Pacific News Service, Commentary, George Koo, Posted: Jun 16, 2005
Editor's Note: Blaming China for U.S. economic ills doesn't make sense, the writer says.
SAN FRANCISCO--U.S. Congress, led by Sens. Charles Schumer (D-NY) and Lindsey Graham (R-SC), appears headed on a collision course with China over trade. Ironically, the senators see imposing a tariff duty on inbound Chinese goods as a solution to U.S. economic woes, contrary to the spirit of global free trade.
Any student of economics should be able to skewer the contradictions of this logic with ease. Here are some data to facilitate their exercise.
When Beijing pegged their currency, the Renminbi, to the dollar more than 10 years ago, it was considered a fair peg.
Some three years later, the Asian financial crisis struck and neighboring countries devalued their currencies to keep their economies from drowning. They were most fearful that China would devaluate the Renminbi in step, thus canceling any relief gained in devaluating.

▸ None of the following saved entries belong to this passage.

(* Let $n\ge 2$ and let $k_1,\dots,k_n$ be positive integers with $\sum_{i=1}^n \frac{1}{k_i}=1$. Let $k=\operatorname{lcm}(k_1,\dots,k_n)$ and $w_i=k/k_i$ (so $\sum_i w_i=k$). Then for every real $x\in[\frac1k,1)$, $$\lfloor kx\rfloor-\sum_{i=1}^n\lfloor w_i x\rfloor\ \ge\ 1 .$$
   Context: $\lfloor y\rfloor$ denotes the integer part (floor) of a real number $y$. *)

theory Defs
  imports Complex_Main
begin

end

theory Submission
  imports Defs
begin

(* Let L = lcm(k_1,...,k_n), w_i = L / k_i and t = floor(L x).  Two facts
   combine to give the theorem.
   (1) Floors scale subadditively: k_i * floor(w_i x) <= floor(k_i w_i x) = t,
       i.e. m_i := floor(w_i x) is an integer with m_i k_i <= t.
   (2) If sum 1/k_i = 1 and integers m_i satisfy m_i k_i <= t, then
       sum m_i <= sum t/k_i = t, and the inequality is strict as soon as one
       k_i does not divide t (for that index m_i < t/k_i).
   Since 1 <= L x < L we have 0 < t < L, so L does not divide t, hence some
   k_i does not divide t (otherwise their lcm L would), and (2) yields
   sum_i floor(w_i x) < floor(L x), which is the claim. *)

lemma of_nat_mult_floor_le_floor:
  fixes y :: real
  shows "int k * \<lfloor>y\<rfloor> \<le> \<lfloor>real k * y\<rfloor>"
proof -
  have "real k * real_of_int \<lfloor>y\<rfloor> \<le> real k * y"
    by (intro mult_left_mono) simp_all
  then show ?thesis
    by (simp add: le_floor_iff)
qed

lemma sum_below_unit_fractions_strict:
  fixes k :: "'a \<Rightarrow> nat" and m :: "'a \<Rightarrow> int" and t :: int
  assumes fin: "finite I"
    and pos: "\<forall>i\<in>I. k i > 0"
    and unit: "(\<Sum>i\<in>I. 1 / real (k i)) = 1"
    and bound: "\<forall>i\<in>I. m i * int (k i) \<le> t"
    and nondvd: "\<exists>i\<in>I. \<not> int (k i) dvd t"
  shows "(\<Sum>i\<in>I. m i) < t"
proof -
  have le: "real_of_int (m i) \<le> real_of_int t / real (k i)" if "i \<in> I" for i
  proof -
    have "real_of_int (m i) * real (k i) \<le> real_of_int t"
      using bound that by (metis of_int_le_iff of_int_mult of_int_of_nat_eq)
    then show ?thesis using pos that by (simp add: field_simps)
  qed
  obtain j where j: "j \<in> I" "\<not> int (k j) dvd t" using nondvd by blast
  have lt: "real_of_int (m j) < real_of_int t / real (k j)"
  proof -
    have "m j * int (k j) \<noteq> t" using j(2) by (metis dvd_triv_right)
    then have "m j * int (k j) < t" using bound j(1) by fastforce
    then have "real_of_int (m j) * real (k j) < real_of_int t"
      by (metis of_int_less_iff of_int_mult of_int_of_nat_eq)
    then show ?thesis using pos j(1) by (simp add: field_simps)
  qed
  have "(\<Sum>i\<in>I. real_of_int (m i)) < (\<Sum>i\<in>I. real_of_int t / real (k i))"
    using fin le j(1) lt by (intro sum_strict_mono_ex1) auto
  also have "\<dots> = real_of_int t"
    using unit by (simp add: sum_distrib_left[symmetric] divide_inverse)
  finally show ?thesis by (metis of_int_less_iff of_int_sum)
qed

lemma exists_nondvd_below_Lcm:
  fixes k :: "'a \<Rightarrow> nat" and t :: int
  assumes "0 < t" "t < int (Lcm (k ` I))"
  shows "\<exists>i\<in>I. \<not> int (k i) dvd t"
proof (rule ccontr)
  assume "\<not> ?thesis"
  then have "\<forall>i\<in>I. k i dvd nat t"
    using assms(1) by (metis of_nat_dvd_iff int_nat_eq not_less order.strict_iff_not)
  then have "Lcm (k ` I) dvd nat t" by (auto intro: Lcm_least)
  moreover have "0 < nat t" "nat t < Lcm (k ` I)" using assms by auto
  ultimately show False using nat_dvd_not_less by blast
qed

theorem mainTheorem2:
  fixes n :: nat and ks :: "nat \<Rightarrow> nat" and x :: real
  assumes "n \<ge> 2"
    and "\<forall>i\<in>{1..n}. ks i > 0"
    and "(\<Sum>i=1..n. 1 / real (ks i)) = 1"
    and "1 / real (Lcm (ks ` {1..n})) \<le> x" and "x < 1"
  shows "\<lfloor>real (Lcm (ks ` {1..n})) * x\<rfloor>
           - (\<Sum>i=1..n. \<lfloor>real (Lcm (ks ` {1..n}) div ks i) * x\<rfloor>) \<ge> 1"
proof -
  define L where "L = Lcm (ks ` {1..n})"
  have "L \<noteq> 0"
    using assms(2) by (auto simp: L_def Lcm_0_iff)
  then have L_pos: "real L > 0" by simp
  have t_range: "0 < \<lfloor>real L * x\<rfloor>" "\<lfloor>real L * x\<rfloor> < int L"
    using assms(4,5) L_pos unfolding L_def[symmetric]
    by (simp_all add: field_simps floor_less_iff)
  have bound: "\<lfloor>real (L div ks i) * x\<rfloor> * int (ks i) \<le> \<lfloor>real L * x\<rfloor>"
    if "i \<in> {1..n}" for i
  proof -
    have "L div ks i * ks i = L"
      using that by (simp add: L_def dvd_Lcm)
    then have "real (ks i) * (real (L div ks i) * x) = real L * x"
      by (metis mult.assoc mult.commute of_nat_mult)
    then show ?thesis
      using of_nat_mult_floor_le_floor[of "ks i" "real (L div ks i) * x"]
      by (metis mult.commute)
  qed
  have "(\<Sum>i=1..n. \<lfloor>real (L div ks i) * x\<rfloor>) < \<lfloor>real L * x\<rfloor>"
    using assms(2,3) bound exists_nondvd_below_Lcm[OF t_range[unfolded L_def]]
    by (intro sum_below_unit_fractions_strict) (auto simp: L_def)
  then show ?thesis unfolding L_def by simp
qed

end
(* For every integer $m \geq 3$, $\gamma_{b,2}(P_m \square C_4) = 4\left\lfloor \frac{m}{6} \right\rfloor + c$, where $c \in \{0,1\}$ if $m \equiv 0 \pmod 6$; $c = 2$ if $m \equiv 1$ or $2 \pmod 6$; $c = 3$ if $m \equiv 3 \pmod 6$; $c \in \{3,4\}$ if $m \equiv 4 \pmod 6$; and $c = 4$ if $m \equiv 5 \pmod 6$.
   Context: For a graph $G$, a $2$-limited broadcast is a function $f: V(G) \to \{0,1,2\}$. A vertex $u$ hears the broadcast from $v$ if $f(v) > 0$ and $d(u,v) \leq f(v)$, where $d$ is the distance in $G$. The broadcast $f$ is dominating if every vertex of $G$ hears the broadcast from some vertex. The cost of $f$ is $\sum_{v \in V(G)} f(v)$. The $2$-limited broadcast domination number $\gamma_{b,2}(G)$ is the minimum cost of a $2$-limited dominating broadcast on $G$. $C_n$ denotes the cycle on $n$ vertices, $P_m$ the path on $m$ vertices, and $\square$ the Cartesian product of graphs. *)

theory Defs
  imports Main "HOL-Library.Extended_Nat"
begin

text \<open>A (simple, undirected) graph is given by its vertex set and its edge relation
  (a symmetric relation on the vertex set).\<close>
type_synonym 'a graph = "'a set \<times> ('a \<times> 'a) set"

definition verts :: "'a graph \<Rightarrow> 'a set" where "verts G = fst G"
definition edges :: "'a graph \<Rightarrow> ('a \<times> 'a) set" where "edges G = snd G"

Instead, Beijing hung onto the peg and rode with a subsequently strengthening dollar all the way up -- and then all the way down. To accuse Beijing of artificially weakening its currency, or of manipulation, is to give Beijing credit for knowing more about the twists and turns of the U.S. economy than even Alan Greenspan.

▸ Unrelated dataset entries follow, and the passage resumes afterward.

lemma mixed_owner_cycle_isolated_gainE:
  assumes cycle: "mixed_owner_cycle K A vs ks"
  obtains j where "j < length vs"
    and "\<And>m. m < length vs \<Longrightarrow> m \<noteq> j \<Longrightarrow> (ks ! m, vs ! m) \<noteq> (ks ! j, vs ! j)"
    and "\<And>m. m < length vs \<Longrightarrow> (ks ! m, vs ! ((m + 1) mod length vs)) \<noteq> (ks ! j, vs ! j)"
proof -
  define n where "n = length vs"
  have vs_inj: "vs ! m = vs ! l \<longleftrightarrow> m = l" if "m < n" "l < n" for m l
    using cycle that by (simp add: n_def mixed_owner_cycle_def nth_eq_iff_index_eq)
  obtain i where i: "i < n" "ks ! i \<noteq> ks ! ((i + 1) mod n)"
    using cycle by (auto simp: mixed_owner_cycle_def n_def)
  define j where "j = (i + 1) mod n"
  have j: "j < n" using i by (simp add: j_def)
  have "(ks ! m, vs ! ((m + 1) mod n)) \<noteq> (ks ! j, vs ! j)" if m: "m < n" for m
  proof
    assume eq: "(ks ! m, vs ! ((m + 1) mod n)) = (ks ! j, vs ! j)"
    then have "m = i"
      using vs_inj[of "(m + 1) mod n" j] m i j Suc_mod_inj[of m n i] by (simp add: j_def)
    with eq i show False by (simp add: j_def)
  qed
  with j vs_inj that show thesis by (simp add: n_def)
qed

lemma AE_mixed_owner_cycle_gain_products_neq:
  fixes \<mu> :: "real measure"
  assumes \<mu>: "prob_space \<mu>" "sets \<mu> = sets borel" "\<forall>x. emeasure \<mu> {x} = 0"
    and cycle: "mixed_owner_cycle K A vs ks"
  shows "AE g in PiM (users K \<times> nodes A) (\<lambda>_. \<mu>). (\<forall>c\<in>users K \<times> nodes A. g c > 0) \<longrightarrow>
           (\<Prod>i<length vs. g (ks ! i, vs ! i)) \<noteq> (\<Prod>i<length vs. g (ks ! i, vs ! ((i + 1) mod length vs)))"
proof -
  define I where "I = users K \<times> nodes A"
  define n where "n = length vs"
  have fin: "finite I" by (simp add: I_def users_def nodes_def)
  have in_I: "(ks ! m, vs ! l) \<in> I" if "m < n" "l < n" for m l
    using cycle that by (auto simp: I_def n_def mixed_owner_cycle_def)
  obtain j where j: "j < n"
    and left: "\<And>m. m < n \<Longrightarrow> m \<noteq> j \<Longrightarrow> (ks ! m, vs ! m) \<noteq> (ks ! j, vs ! j)"
    and right: "\<And>m. m < n \<Longrightarrow> (ks ! m, vs ! ((m + 1) mod n)) \<noteq> (ks ! j, vs ! j)"
    using mixed_owner_cycle_isolated_gainE[OF cycle] unfolding n_def by blast
  define c where "c = (ks ! j, vs ! j)"
  define F where "F g = (\<Prod>m\<in>{..<n} - {j}. g (ks ! m, vs ! m))" for g :: "nat \<times> nat \<Rightarrow> real"
  define R where "R g = (\<Prod>m<n. g (ks ! m, vs ! ((m + 1) mod n)))" for g :: "nat \<times> nat \<Rightarrow> real"
  have split: "(\<Prod>m<n. g (ks ! m, vs ! m)) = g c * F g" for g :: "nat \<times> nat \<Rightarrow> real"
    unfolding F_def c_def using j by (subst prod.remove[of _ j]) auto
  have F_upd: "F (x(c := y)) = F x" for x y
    unfolding F_def c_def using left by (intro prod.cong) auto
  have R_upd: "R (x(c := y)) = R x" for x y
    unfolding R_def c_def using right by (intro prod.cong) auto
  have component: "(\<lambda>g. g d) \<in> borel_measurable (PiM I (\<lambda>_. \<mu>))" if "d \<in> I" for d
    using borel_measurable_PiM_component[OF that \<mu>(2)] .
  have "F \<in> borel_measurable (PiM I (\<lambda>_. \<mu>))" "R \<in> borel_measurable (PiM I (\<lambda>_. \<mu>))"
    unfolding F_def R_def by (intro borel_measurable_prod component in_I; simp)+
  then have "AE g in PiM I (\<lambda>_. \<mu>). F g \<noteq> 0 \<longrightarrow> g c * F g \<noteq> R g"
    using \<mu> fin in_I[OF j j] F_upd R_upd
    by (intro AE_PiM_coordinate_not_determined) (auto simp: c_def)
  then have "AE g in PiM I (\<lambda>_. \<mu>). (\<forall>d\<in>I. g d > 0) \<longrightarrow> (\<Prod>m<n. g (ks ! m, vs ! m)) \<noteq> R g"
  proof eventually_elim
    case (elim g)
    show ?case
    proof
      assume "\<forall>d\<in>I. g d > 0"
      then have "F g > 0" unfolding F_def using in_I by (intro prod_pos) auto
      then show "(\<Prod>m<n. g (ks ! m, vs ! m)) \<noteq> R g" using elim split by simp
    qed
  qed
  then show ?thesis unfolding I_def R_def n_def by simp
qed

Even though the U.S. trade deficit with China continues to increase and has reached enormous proportions, so has the U.S. deficit with the entire world. The deficit with China now represents 25 percent of the total deficit. In earlier years, the deficit with China was as high as 27.5 percent of the total, but nobody made a fuss then because it was part of a much smaller overall deficit.
This would suggest that the problem lies with us and not in any policy of China.

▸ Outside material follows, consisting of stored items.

(* Let $\Sigma$ be a finite alphabet, $L \subseteq \Sigma^*$ regular, and $\mathcal{A}$ a finite automaton for $L$ with $m$ states. Assume that $\mathcal{B} = \mathcal{A}^{\mathsf{R}\mathsf{D}}$ is well-behaved. There are constants $c_m, d_m$ depending only on $m$ such that: (i) if $\mathcal{A}$ is a DFA, then $V_L(n) \leq (2^m \cdot m + 1)\cdot \log n + c_m$ for all sufficiently large $n$; (ii) if $\mathcal{A}$ is an NFA, then $V_L(n) \leq (4^m + 1)\cdot\log n + d_m$ for all sufficiently large $n$.
   Context: $\log x$ denotes $\lfloor \log_2 x\rfloor$. For an NFA $\mathcal{A}$, $\mathcal{A}^\mathsf{R}$ is the NFA obtained by reversing all transitions and swapping initial and final state sets, and $\mathcal{A}^{\mathsf{RD}}$ is the subset-construction DFA of $\mathcal{A}^\mathsf{R}$ restricted to states reachable from its initial state (so it accepts $L^\mathsf{R}$). A DFA $(Q,\Sigma,q_0,\delta,F)$ is well-behaved if every strongly connected component $C$ (inclusion-maximal set of mutually reachable states) reachable from $q_0$ satisfies: for all $q\in C$ and $u,v\in\Sigma^*$ with $|u|=|v|$ and $\delta(q,u),\delta(q,v)\in C$, $\delta(q,u)\in F \iff \delta(q,v)\in F$. Variable-size sliding window model: a streaming algorithm over $\overline\Sigma$ is a deterministic (possibly infinite-state) automaton with an injective encoding $\mathrm{enc}$ of states into bit strings, and $\mathrm{space}(\mathcal{A},w)=\max\{|\mathrm{enc}(\mathcal{A}(u))|: u\text{ prefix of }w\}$. Let $\overline\Sigma=\Sigma\cup\{\downarrow\}$ and $\mathrm{wnd}\colon\overline\Sigma^*\to\Sigma^*$ given by $\mathrm{wnd}(\varepsilon)=\varepsilon$, $\mathrm{wnd}(ub)=\mathrm{wnd}(u)b$ ($b\in\Sigma$), $\mathrm{wnd}(u\!\downarrow)=\varepsilon$ if $\mathrm{wnd}(u)=\varepsilon$, $\mathrm{wnd}(u\!\downarrow)=v$ if $\mathrm{wnd}(u)=bv$. A variable-size sliding window algorithm for $L$ is a streaming algorithm over $\overline\Sigma$ accepting $\{w:\mathrm{wnd}(w)\in L\}$, with space complexity $v_\mathcal{A}(n)=\max\{\mathrm{space}(\mathcal{A},u): |\mathrm{wnd}(v)|\le n\text{ for all prefixes }v\text{ of }u\}$. $V_L(n)$ is the minimum of $v_\mathcal{A}(n)$ over all variable-size sliding window algorithms $\mathcal{A}$ for $L$. *)

theory Defs
  imports Complex_Main "HOL-Library.Discrete_Functions" "HOL-Library.Extended_Nat"
begin

(* The letter "\<down>" of the extended alphabet is None,
   a letter b of Sigma is Some b. *)

record nfa =
  states :: "nat set"
  init   :: "nat set"
  final  :: "nat set"
  trans  :: "nat \<Rightarrow> nat \<Rightarrow> nat set"

definition is_nfa :: "nat set \<Rightarrow> nfa \<Rightarrow> bool" where
  "is_nfa \<Sigma> A \<longleftrightarrow> finite (states A) \<and> init A \<subseteq> states A \<and> final A \<subseteq> states A \<and>
     (\<forall>q\<in>states A. \<forall>a\<in>\<Sigma>. trans A q a \<subseteq> states A)"

definition is_dfa :: "nat set \<Rightarrow> nfa \<Rightarrow> bool" where
  "is_dfa \<Sigma> A \<longleftrightarrow> is_nfa \<Sigma> A \<and> card (init A) = 1 \<and>
     (\<forall>q\<in>states A. \<forall>a\<in>\<Sigma>. card (trans A q a) = 1)"

definition step_set :: "nfa \<Rightarrow> nat set \<Rightarrow> nat \<Rightarrow> nat set" where
  "step_set A S a = (\<Union>q\<in>S. trans A q a)"

definition steps :: "nfa \<Rightarrow> nat set \<Rightarrow> nat list \<Rightarrow> nat set" where
  "steps A S w = fold (\<lambda>a S. step_set A S a) w S"

definition lang :: "nat set \<Rightarrow> nfa \<Rightarrow> nat list set" where
  "lang \<Sigma> A = {w \<in> lists \<Sigma>. steps A (init A) w \<inter> final A \<noteq> {}}"

definition rev_nfa :: "nfa \<Rightarrow> nfa" where
  "rev_nfa A = \<lparr>states = states A, init = final A, final = init A,
                trans = (\<lambda>q a. {p \<in> states A. q \<in> trans A p a})\<rparr>"

record 's dfa =
  dstates :: "'s set"
  dinit   :: 's
  dtrans  :: "'s \<Rightarrow> nat \<Rightarrow> 's"
  dfinal  :: "'s set"

definition dreach :: "'s dfa \<Rightarrow> 's \<Rightarrow> nat list \<Rightarrow> 's" where
  "dreach D q u = fold (\<lambda>a q. dtrans D q a) u q"

definition rd :: "nat set \<Rightarrow> nfa \<Rightarrow> nat set dfa" where
  "rd \<Sigma> A = \<lparr>dstates = {steps (rev_nfa A) (init (rev_nfa A)) u | u. u \<in> lists \<Sigma>},
              dinit = init (rev_nfa A),
              dtrans = (\<lambda>S a. step_set (rev_nfa A) S a),
              dfinal = {S \<in> {steps (rev_nfa A) (init (rev_nfa A)) u | u. u \<in> lists \<Sigma>}.
                          S \<inter> final (rev_nfa A) \<noteq> {}}\<rparr>"

definition reach :: "nat set \<Rightarrow> 's dfa \<Rightarrow> 's \<Rightarrow> 's \<Rightarrow> bool" where
  "reach \<Sigma> D p q \<longleftrightarrow> (\<exists>u\<in>lists \<Sigma>. dreach D p u = q)"

definition scc :: "nat set \<Rightarrow> 's dfa \<Rightarrow> 's \<Rightarrow> 's set" where
  "scc \<Sigma> D q = {p. reach \<Sigma> D q p \<and> reach \<Sigma> D p q}"

definition well_behaved :: "nat set \<Rightarrow> 's dfa \<Rightarrow> bool" where
  "well_behaved \<Sigma> D \<longleftrightarrow>
     (\<forall>C. (\<exists>q. reach \<Sigma> D (dinit D) q \<and> C = scc \<Sigma> D q) \<longrightarrow>
        (\<forall>q\<in>C. \<forall>u\<in>lists \<Sigma>. \<forall>v\<in>lists \<Sigma>.
           length u = length v \<and> dreach D q u \<in> C \<and> dreach D q v \<in> C \<longrightarrow>
           (dreach D q u \<in> dfinal D \<longleftrightarrow> dreach D q v \<in> dfinal D)))"

record 's stream_alg =
  sinit :: 's
  sstep :: "'s \<Rightarrow> nat option \<Rightarrow> 's"
  sacc  :: "'s set"
  senc  :: "'s \<Rightarrow> bool list"

definition ext_alph :: "nat set \<Rightarrow> nat option set" where
  "ext_alph \<Sigma> = Some ` \<Sigma> \<union> {None}"

definition srun :: "'s stream_alg \<Rightarrow> nat option list \<Rightarrow> 's" where
  "srun A w = fold (\<lambda>a s. sstep A s a) w (sinit A)"

definition space :: "'s stream_alg \<Rightarrow> nat option list \<Rightarrow> nat" where
  "space A w = Max {length (senc A (srun A (take i w))) | i. i \<le> length w}"

fun wstep :: "nat option \<Rightarrow> nat list \<Rightarrow> nat list" where
  "wstep (Some b) x = x @ [b]"
| "wstep None x = tl x"

definition wnd :: "nat option list \<Rightarrow> nat list" where
  "wnd w = fold wstep w []"

definition is_sw_alg :: "nat set \<Rightarrow> nat list set \<Rightarrow> 's stream_alg \<Rightarrow> bool" where
  "is_sw_alg \<Sigma> L A \<longleftrightarrow> inj (senc A) \<and>
     (\<forall>w\<in>lists (ext_alph \<Sigma>). srun A w \<in> sacc A \<longleftrightarrow> wnd w \<in> L)"

definition v_space :: "nat set \<Rightarrow> 's stream_alg \<Rightarrow> nat \<Rightarrow> enat" where
  "v_space \<Sigma> A n = (SUP u \<in> {u \<in> lists (ext_alph \<Sigma>). \<forall>i\<le>length u. length (wnd (take i u)) \<le> n}.
                       enat (space A u))"

text \<open>States are
  taken to be bit strings; this loses no generality since the encoding of any algorithm is
  injective, so states may be identified with their encodings.\<close>
definition V :: "nat set \<Rightarrow> nat list set \<Rightarrow> nat \<Rightarrow> enat" where
  "V \<Sigma> L n = (INF A \<in> {A :: bool list stream_alg. is_sw_alg \<Sigma> L A}. v_space \<Sigma> A n)"

end

theory Submission
  imports Defs
begin

text \<open>Let B = A^RD and read the window x backwards in B from a state P. The run passes through a
  chain of strongly connected components; since B is well-behaved, whether it accepts after t
  steps depends only on the component it is in and the time since entering it, so the entry times
  of the components determine all these acceptance bits. By duality, the bit at time |x| - k says
  whether the suffix of x of length |x| - k leads A into P. Storing, for the states P of a small
  set G and all states Q of B, the time at which the run from P enters Q therefore determines the
  window up to an equivalence that is a congruence for appending and expiring letters and
  saturates L. This needs (|G| \<cdot> |B| + 1)(log n + O(1)) bits with |B| \<le> 2^m, and G can be
  chosen with at most as many elements as there are reachable state sets of A: m for a DFA,
  2^m for an NFA.\<close>

lemma take_in_lists [simp]: "x \<in> lists \<Sigma> \<Longrightarrow> take k x \<in> lists \<Sigma>"
  by (metis append_in_lists_conv append_take_drop_id)

lemma drop_in_lists [simp]: "x \<in> lists \<Sigma> \<Longrightarrow> drop k x \<in> lists \<Sigma>"
  by (metis append_in_lists_conv append_take_drop_id)

lemma rev_in_lists_iff [simp]: "rev x \<in> lists \<Sigma> \<longleftrightarrow> x \<in> lists \<Sigma>"
  by (simp add: in_lists_conv_set)

lemma steps_Nil [simp]: "steps A S [] = S"
  by (simp add: steps_def)

lemma steps_Cons [simp]: "steps A S (a # u) = steps A (step_set A S a) u"
  by (simp add: steps_def)

lemma steps_append: "steps A S (u @ v) = steps A (steps A S u) v"
  by (simp add: steps_def)

lemma steps_snoc: "steps A S (u @ [a]) = step_set A (steps A S u) a"
  by (simp add: steps_def)

lemma step_set_subset_states:
  "is_nfa \<Sigma> A \<Longrightarrow> S \<subseteq> states A \<Longrightarrow> a \<in> \<Sigma> \<Longrightarrow> step_set A S a \<subseteq> states A"
  unfolding is_nfa_def step_set_def by blast

lemma steps_subset_states:
  assumes "is_nfa \<Sigma> A" "S \<subseteq> states A" "u \<in> lists \<Sigma>"
  shows "steps A S u \<subseteq> states A"
  using assms(3,2)
  by (induction u arbitrary: S) (simp_all add: step_set_subset_states[OF assms(1)])

lemma steps_rev_nfa_subset_states: "steps (rev_nfa A) S u \<subseteq> states A \<union> S"
  by (induction u arbitrary: S) (fastforce simp: step_set_def rev_nfa_def)+

lemma steps_meets_iff_rev_steps_meets:
  assumes "is_nfa \<Sigma> A" "S \<subseteq> states A" "w \<in> lists \<Sigma>"
  shows "steps A S w \<inter> P \<noteq> {} \<longleftrightarrow> S \<inter> steps (rev_nfa A) P (rev w) \<noteq> {}"
  using assms(3,2)
proof (induction w arbitrary: S)
  case (Cons a w)
  have "steps A S (a # w) \<inter> P \<noteq> {} \<longleftrightarrow> step_set A S a \<inter> steps (rev_nfa A) P (rev w) \<noteq> {}"
    using Cons step_set_subset_states[OF assms(1)] by simp
  also have "\<dots> \<longleftrightarrow> S \<inter> step_set (rev_nfa A) (steps (rev_nfa A) P (rev w)) a \<noteq> {}"
    using Cons.prems by (auto simp: step_set_def rev_nfa_def)
  finally show ?case by (simp add: steps_snoc)
qed simp

lemma dreach_append: "dreach D q (u @ v) = dreach D (dreach D q u) v"
  by (simp add: dreach_def)

lemma dreach_rd: "dreach (rd \<Sigma> A) P u = steps (rev_nfa A) P u"
  by (simp add: dreach_def steps_def rd_def)

lemma dstates_rd: "dstates (rd \<Sigma> A) = {steps (rev_nfa A) (final A) u | u. u \<in> lists \<Sigma>}"
  by (simp add: rd_def rev_nfa_def)

lemma dinit_rd: "dinit (rd \<Sigma> A) = final A"
  by (simp add: rd_def rev_nfa_def)

lemma dfinal_rd: "dfinal (rd \<Sigma> A) = {S \<in> dstates (rd \<Sigma> A). S \<inter> init A \<noteq> {}}"
  by (simp add: rd_def rev_nfa_def)

lemma final_in_dstates_rd: "final A \<in> dstates (rd \<Sigma> A)"
  by (auto simp: dstates_rd intro!: exI[of _ "[]"])

lemma dreach_rd_in_dstates:
  assumes "P \<in> dstates (rd \<Sigma> A)" "u \<in> lists \<Sigma>"
  shows "dreach (rd \<Sigma> A) P u \<in> dstates (rd \<Sigma> A)"
proof -
  obtain v where "v \<in> lists \<Sigma>" "P = steps (rev_nfa A) (final A) v"
    using assms(1) by (auto simp: dstates_rd)
  then show ?thesis
    using assms(2) unfolding dstates_rd dreach_rd
    by (intro CollectI exI[of _ "v @ u"]) (simp add: steps_append)
qed

lemma reach_dinit_rd: "Q \<in> dstates (rd \<Sigma> A) \<Longrightarrow> reach \<Sigma> (rd \<Sigma> A) (dinit (rd \<Sigma> A)) Q"
  by (auto simp: dstates_rd dinit_rd reach_def dreach_rd)

lemma dstates_rd_subset_Pow: "is_nfa \<Sigma> A \<Longrightarrow> dstates (rd \<Sigma> A) \<subseteq> Pow (states A)"
  using steps_rev_nfa_subset_states[of A "final A"] by (fastforce simp: dstates_rd is_nfa_def)

lemma finite_dstates_rd: "is_nfa \<Sigma> A \<Longrightarrow> finite (dstates (rd \<Sigma> A))"
  by (meson dstates_rd_subset_Pow finite_Pow_iff finite_subset is_nfa_def)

A decade ago, Japan was accused of being the cause of American economic woes. Now China is being painted with the same brush, even though China is clearly not practicing mercantilism.
China has open borders and encourages foreign investments. Japan never has. China's world trade is actually in reasonable balance, around 95 cents of import for every dollar of export, the U.S. imbalance notwithstanding.
Annually, China buys about twice as much from the European Union and from Japan than they do from the United States. The problem is not an unwillingness on the part of China to buy, but seems to be our unwillingness to sell.
The United States is content to be the dominant supplier of wheat and soybeans to China, but it is reluctant to take maximum advantage of its strengths in high technology.
Washington is very adept at applying the "dual use" label to restrain technology export. Dual use means any conceivable potential non-civilian alternate use. Any hypothetical use represents a threat to the U.S. and could outweigh any economic gain in the sale. Hi-tech sales face tons of red tape effectively hogtying the high tech industry.
Nearly 60 percent of China's exports come from foreign invested enterprises -- in other words, from many of the U.S.-based multinationals. The manufacturer, the distributor and the retailer in the United States are all making money from China's ability to make quality goods at low prices.
The proposed 27.5 percent duty on China-made goods will hurt the bottom lines of American companies and certainly discourage spending by the American consumer, but it will have questionable effect on restoring American jobs. Virtually all of these manufacturing jobs moved offshore decades ago, and are now moving from those places -- Taiwan, Korea, Mexico, Singapore et al. -- to China.
The good senators seem to believe that if the yuan is allowed to float, our economic woes will be over. Actually, a stronger yuan will not do much to close the huge wage rate gap, as much as 20 to 1, between the U.S. and China.
In fact, over the most recent decade, China suffered job losses on an order of magnitude greater than the United States. Over the same period, China's wage scale increased by 300 percent, while the United States showed an increase of 30 percent.
China seems to have faced the challenges of its fast-growing economy better than we in the United States have managed our massive one. Of course, China does not have to contend with continuous billion-dollar hemorrhages like an Iraq war.
In a few years, China will be poised to challenge leading-edge efforts in stem cell research. By then the United States will be the world's leading authority on creationism and intelligent design.
Annually, China is already turning out more than seven times more graduates in engineering and other technical disciplines than the United States. They are amassing the human resources to move up the value chain of manufacturing. We are trying to leave no child behind.
Instead of looking for easy political solutions, we need to address the many systemic problems gnarling the insides of the American economy.